[Collected data]
──────
(* Let $\lambda=\frac{10}{9}e^{\frac{2}{3}\pi i}$ and let $F$ be the PMT with regions $R_1=\{z:|z|<\tfrac12\}$, $R_2=\widehat{\mathbb C}\setminus\overline{R_1}$ and component functions $f_1(z)=e^{\frac23\pi i}z$, $f_2(z)=\lambda(1-z)$. Then $0$ is an elliptic fixed point with $R_1$ a rotation domain, $z_0=\frac{\lambda}{\lambda+1}$ is a repelling fixed point, $\alpha(F)=\{z_0\}$, and $F$ is $\alpha$-expanding but not hyperbolic.
   Context: A PMT is a pair $(\{R_k\}_{k=1}^K,F)$ with $R_k$ nonempty, open, connected, pairwise disjoint subsets of $\widehat{\mathbb C}$ bounded by piecewise smooth simple closed curves and with $\bigcup\overline{R_k}=\widehat{\mathbb C}$, and $F|_{R_k}=f_k|_{R_k}$ for Möbius maps $f_k$, $F$ undefined on $B(F)=\bigcup\partial R_k$. $F^{-n}(A)$ is the set of $z$ with $F^j(z)\in R(F)=\bigcup R_k$ for $j<n$ and $F^n(z)\in A$; $\mathcal B(F)=\overline{\bigcup_{n\ge0}F^{-n}(B(F))}$, $\alpha(F)=\mathcal B(F)\setminus\bigcup_{n\ge0}F^{-n}(B(F))$. Periodic point $z$ of period $n$: orbit in $R(F)$, $F^n(z)=z$; classified by the multiplier $m$ of the Möbius composition $M_z=f_{k_n}\circ\cdots\circ f_{k_1}$ along the orbit: identity type if $F^n=\mathrm{id}$ near $z$, otherwise attracting $|m|<1$, repelling $|m|>1$, elliptic $|m|=1,m\ne1$, parabolic $m=1$. A rotation domain is a periodic regular component on which $F^n$ is an elliptic Möbius map. $F$ is hyperbolic if it has an attracting periodic point, no elliptic, parabolic or identity periodic points, no ghost-periodic points and no wandering regular components. $F$ is $\alpha$-expanding if there is $N\ge1$ with $|(F^N)'(z)|_s>1$ for all $z\in\alpha(F)$, where $|\cdot|_s$ is the spherical derivative norm and $(F^N)'(z)$ is the derivative at $z$ of the Möbius composition along the orbit of $z$. *)

theory Defs
  imports "HOL-Analysis.Analysis"
begin

text \<open>The Riemann sphere is modelled as complex option: Some z is the finite point z,
  None is the point at infinity.\<close>

type_synonym sphere = "complex option"

definition sphere_open :: "sphere set \<Rightarrow> bool" where
  "sphere_open S \<longleftrightarrow> open {z. Some z \<in> S} \<and>
     (None \<in> S \<longrightarrow> (\<exists>r. \<forall>z. norm z > r \<longrightarrow> Some z \<in> S))"

definition sphere_top :: "sphere topology" where
  "sphere_top = topology sphere_open"

lemma istopology_sphere_open: "istopology sphere_open"
  unfolding istopology_def
proof (intro conjI allI impI ballI)
  fix S T assume S: "sphere_open S" and T: "sphere_open T"
  show "sphere_open (S \<inter> T)"
  proof -
    have "{z. Some z \<in> S \<inter> T} = {z. Some z \<in> S} \<inter> {z. Some z \<in> T}" by auto
    moreover have "None \<in> S \<inter> T \<longrightarrow> (\<exists>r. \<forall>z. norm z > r \<longrightarrow> Some z \<in> S \<inter> T)"
    proof
      assume "None \<in> S \<inter> T"
      then obtain r1 r2 where "\<forall>z. norm z > r1 \<longrightarrow> Some z \<in> S" "\<forall>z. norm z > r2 \<longrightarrow> Some z \<in> T"
        using S T unfolding sphere_open_def by blast
      then show "\<exists>r. \<forall>z. norm z > r \<longrightarrow> Some z \<in> S \<inter> T"
        by (intro exI[of _ "max r1 r2"]) auto
    qed
    ultimately show ?thesis using S T unfolding sphere_open_def by auto
  qed
next
  fix K assume K: "\<forall>S\<in>K. sphere_open S"
  have "{z. Some z \<in> \<Union>K} = (\<Union>S\<in>K. {z. Some z \<in> S})" by auto
  moreover have "open (\<Union>S\<in>K. {z. Some z \<in> S})" using K unfolding sphere_open_def by auto
  moreover have "None \<in> \<Union>K \<longrightarrow> (\<exists>r. \<forall>z. norm z > r \<longrightarrow> Some z \<in> \<Union>K)"
    using K unfolding sphere_open_def by blast
  ultimately show "sphere_open (\<Union>K)" unfolding sphere_open_def by simp
qed

lemma openin_sphere_top: "openin sphere_top S \<longleftrightarrow> sphere_open S"
  unfolding sphere_top_def using istopology_sphere_open by (simp add: topology_inverse')

text \<open>A Moebius map is represented by a coefficient quadruple (a,b,c,d) with ad - bc \<noteq> 0,
  acting by z \<mapsto> (az+b)/(cz+d) on the sphere.\<close>

type_synonym moeb = "complex \<times> complex \<times> complex \<times> complex"

fun moeb_det :: "moeb \<Rightarrow> complex" where
  "moeb_det (a, b, c, d) = a * d - b * c"

fun moeb_app :: "moeb \<Rightarrow> sphere \<Rightarrow> sphere" where
  "moeb_app (a, b, c, d) (Some z) = (if c * z + d = 0 then None else Some ((a * z + b) / (c * z + d)))"
| "moeb_app (a, b, c, d) None = (if c = 0 then None else Some (a / c))"

text \<open>Composition: moeb_comp M N represents M \<circ> N (matrix product).\<close>
fun moeb_comp :: "moeb \<Rightarrow> moeb \<Rightarrow> moeb" where
  "moeb_comp (a, b, c, d) (a', b', c', d') =
     (a * a' + b * c', a * b' + b * d', c * a' + d * c', c * b' + d * d')"

definition moeb_id :: moeb where "moeb_id = (1, 0, 0, 1)"

text \<open>Complex derivative of a Moebius map at a point, computed in the standard charts
  (identity chart at finite points, u \<mapsto> 1/u at infinity) at the source and at the image.\<close>
fun moeb_loc_deriv :: "moeb \<Rightarrow> sphere \<Rightarrow> complex" where
  "moeb_loc_deriv (a, b, c, d) (Some z) =
     (if c * z + d = 0 then deriv (\<lambda>w. (c * w + d) / (a * w + b)) z
      else deriv (\<lambda>w. (a * w + b) / (c * w + d)) z)"
| "moeb_loc_deriv (a, b, c, d) None =
     (if c = 0 then deriv (\<lambda>u. (c + d * u) / (a + b * u)) 0
      else deriv (\<lambda>u. (a + b * u) / (c + d * u)) 0)"

text \<open>Chart coordinate of a point (0 for infinity, in the chart u \<mapsto> 1/u).\<close>
fun coord :: "sphere \<Rightarrow> complex" where
  "coord (Some z) = z"
| "coord None = 0"

definition sph_deriv :: "moeb \<Rightarrow> sphere \<Rightarrow> real" where
  "sph_deriv M z = norm (moeb_loc_deriv M z) * (1 + (norm (coord z))\<^sup>2)
                     / (1 + (norm (coord (moeb_app M z)))\<^sup>2)"

definition moeb_multiplier :: "moeb \<Rightarrow> sphere \<Rightarrow> complex" where
  "moeb_multiplier M z = moeb_loc_deriv M z"

text \<open>Elliptic Moebius map: not the identity and conjugate to a rotation, i.e.
  trace^2/det is real and lies in [0,4).\<close>
fun moeb_elliptic :: "moeb \<Rightarrow> bool" where
  "moeb_elliptic (a, b, c, d) \<longleftrightarrow> a * d - b * c \<noteq> 0 \<and>
     (\<exists>t::real. (a + d)\<^sup>2 / (a * d - b * c) = complex_of_real t \<and> 0 \<le> t \<and> t < 4)"

type_synonym pmt = "(sphere set \<times> moeb) list"

definition pmt_R :: "pmt \<Rightarrow> sphere set" where
  "pmt_R F = (\<Union>k<length F. fst (F ! k))"

definition pmt_B :: "pmt \<Rightarrow> sphere set" where
  "pmt_B F = (\<Union>k<length F. sphere_top frontier_of (fst (F ! k)))"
──────
EXERCISE DESCRIPTION
What is needed is an exact copy of every record above.

SOLUTION TO THIS PROBLEM
(* Let $\lambda=\frac{10}{9}e^{\frac{2}{3}\pi i}$ and let $F$ be the PMT with regions $R_1=\{z:|z|<\tfrac12\}$, $R_2=\widehat{\mathbb C}\setminus\overline{R_1}$ and component functions $f_1(z)=e^{\frac23\pi i}z$, $f_2(z)=\lambda(1-z)$. Then $0$ is an elliptic fixed point with $R_1$ a rotation domain, $z_0=\frac{\lambda}{\lambda+1}$ is a repelling fixed point, $\alpha(F)=\{z_0\}$, and $F$ is $\alpha$-expanding but not hyperbolic.
   Context: A PMT is a pair $(\{R_k\}_{k=1}^K,F)$ with $R_k$ nonempty, open, connected, pairwise disjoint subsets of $\widehat{\mathbb C}$ bounded by piecewise smooth simple closed curves and with $\bigcup\overline{R_k}=\widehat{\mathbb C}$, and $F|_{R_k}=f_k|_{R_k}$ for Möbius maps $f_k$, $F$ undefined on $B(F)=\bigcup\partial R_k$. $F^{-n}(A)$ is the set of $z$ with $F^j(z)\in R(F)=\bigcup R_k$ for $j<n$ and $F^n(z)\in A$; $\mathcal B(F)=\overline{\bigcup_{n\ge0}F^{-n}(B(F))}$, $\alpha(F)=\mathcal B(F)\setminus\bigcup_{n\ge0}F^{-n}(B(F))$. Periodic point $z$ of period $n$: orbit in $R(F)$, $F^n(z)=z$; classified by the multiplier $m$ of the Möbius composition $M_z=f_{k_n}\circ\cdots\circ f_{k_1}$ along the orbit: identity type if $F^n=\mathrm{id}$ near $z$, otherwise attracting $|m|<1$, repelling $|m|>1$, elliptic $|m|=1,m\ne1$, parabolic $m=1$. A rotation domain is a periodic regular component on which $F^n$ is an elliptic Möbius map. $F$ is hyperbolic if it has an attracting periodic point, no elliptic, parabolic or identity periodic points, no ghost-periodic points and no wandering regular components. $F$ is $\alpha$-expanding if there is $N\ge1$ with $|(F^N)'(z)|_s>1$ for all $z\in\alpha(F)$, where $|\cdot|_s$ is the spherical derivative norm and $(F^N)'(z)$ is the derivative at $z$ of the Möbius composition along the orbit of $z$. *)

theory Defs
  imports "HOL-Analysis.Analysis"
begin

text \<open>The Riemann sphere is modelled as complex option: Some z is the finite point z,
  None is the point at infinity.\<close>

type_synonym sphere = "complex option"

definition sphere_open :: "sphere set \<Rightarrow> bool" where
  "sphere_open S \<longleftrightarrow> open {z. Some z \<in> S} \<and>
     (None \<in> S \<longrightarrow> (\<exists>r. \<forall>z. norm z > r \<longrightarrow> Some z \<in> S))"

definition sphere_top :: "sphere topology" where
  "sphere_top = topology sphere_open"

lemma istopology_sphere_open: "istopology sphere_open"
  unfolding istopology_def
proof (intro conjI allI impI ballI)
  fix S T assume S: "sphere_open S" and T: "sphere_open T"
  show "sphere_open (S \<inter> T)"
  proof -
    have "{z. Some z \<in> S \<inter> T} = {z. Some z \<in> S} \<inter> {z. Some z \<in> T}" by auto
    moreover have "None \<in> S \<inter> T \<longrightarrow> (\<exists>r. \<forall>z. norm z > r \<longrightarrow> Some z \<in> S \<inter> T)"
    proof
      assume "None \<in> S \<inter> T"
      then obtain r1 r2 where "\<forall>z. norm z > r1 \<longrightarrow> Some z \<in> S" "\<forall>z. norm z > r2 \<longrightarrow> Some z \<in> T"
        using S T unfolding sphere_open_def by blast
      then show "\<exists>r. \<forall>z. norm z > r \<longrightarrow> Some z \<in> S \<inter> T"
        by (intro exI[of _ "max r1 r2"]) auto
    qed
    ultimately show ?thesis using S T unfolding sphere_open_def by auto
  qed
next
  fix K assume K: "\<forall>S\<in>K. sphere_open S"
  have "{z. Some z \<in> \<Union>K} = (\<Union>S\<in>K. {z. Some z \<in> S})" by auto
  moreover have "open (\<Union>S\<in>K. {z. Some z \<in> S})" using K unfolding sphere_open_def by auto
  moreover have "None \<in> \<Union>K \<longrightarrow> (\<exists>r. \<forall>z. norm z > r \<longrightarrow> Some z \<in> \<Union>K)"
    using K unfolding sphere_open_def by blast
  ultimately show "sphere_open (\<Union>K)" unfolding sphere_open_def by simp
qed

lemma openin_sphere_top: "openin sphere_top S \<longleftrightarrow> sphere_open S"
  unfolding sphere_top_def using istopology_sphere_open by (simp add: topology_inverse')

text \<open>A Moebius map is represented by a coefficient quadruple (a,b,c,d) with ad - bc \<noteq> 0,
  acting by z \<mapsto> (az+b)/(cz+d) on the sphere.\<close>

type_synonym moeb = "complex \<times> complex \<times> complex \<times> complex"

fun moeb_det :: "moeb \<Rightarrow> complex" where
  "moeb_det (a, b, c, d) = a * d - b * c"

fun moeb_app :: "moeb \<Rightarrow> sphere \<Rightarrow> sphere" where
  "moeb_app (a, b, c, d) (Some z) = (if c * z + d = 0 then None else Some ((a * z + b) / (c * z + d)))"
| "moeb_app (a, b, c, d) None = (if c = 0 then None else Some (a / c))"

text \<open>Composition: moeb_comp M N represents M \<circ> N (matrix product).\<close>
fun moeb_comp :: "moeb \<Rightarrow> moeb \<Rightarrow> moeb" where
  "moeb_comp (a, b, c, d) (a', b', c', d') =
     (a * a' + b * c', a * b' + b * d', c * a' + d * c', c * b' + d * d')"

definition moeb_id :: moeb where "moeb_id = (1, 0, 0, 1)"

text \<open>Complex derivative of a Moebius map at a point, computed in the standard charts
  (identity chart at finite points, u \<mapsto> 1/u at infinity) at the source and at the image.\<close>
fun moeb_loc_deriv :: "moeb \<Rightarrow> sphere \<Rightarrow> complex" where
  "moeb_loc_deriv (a, b, c, d) (Some z) =
     (if c * z + d = 0 then deriv (\<lambda>w. (c * w + d) / (a * w + b)) z
      else deriv (\<lambda>w. (a * w + b) / (c * w + d)) z)"
| "moeb_loc_deriv (a, b, c, d) None =
     (if c = 0 then deriv (\<lambda>u. (c + d * u) / (a + b * u)) 0
      else deriv (\<lambda>u. (a + b * u) / (c + d * u)) 0)"

text \<open>Chart coordinate of a point (0 for infinity, in the chart u \<mapsto> 1/u).\<close>
fun coord :: "sphere \<Rightarrow> complex" where
  "coord (Some z) = z"
| "coord None = 0"

definition sph_deriv :: "moeb \<Rightarrow> sphere \<Rightarrow> real" where
  "sph_deriv M z = norm (moeb_loc_deriv M z) * (1 + (norm (coord z))\<^sup>2)
                     / (1 + (norm (coord (moeb_app M z)))\<^sup>2)"

definition moeb_multiplier :: "moeb \<Rightarrow> sphere \<Rightarrow> complex" where
  "moeb_multiplier M z = moeb_loc_deriv M z"

text \<open>Elliptic Moebius map: not the identity and conjugate to a rotation, i.e.
  trace^2/det is real and lies in [0,4).\<close>
fun moeb_elliptic :: "moeb \<Rightarrow> bool" where
  "moeb_elliptic (a, b, c, d) \<longleftrightarrow> a * d - b * c \<noteq> 0 \<and>
     (\<exists>t::real. (a + d)\<^sup>2 / (a * d - b * c) = complex_of_real t \<and> 0 \<le> t \<and> t < 4)"

type_synonym pmt = "(sphere set \<times> moeb) list"

definition pmt_R :: "pmt \<Rightarrow> sphere set" where
  "pmt_R F = (\<Union>k<length F. fst (F ! k))"

definition pmt_B :: "pmt \<Rightarrow> sphere set" where
  "pmt_B F = (\<Union>k<length F. sphere_top frontier_of (fst (F ! k)))"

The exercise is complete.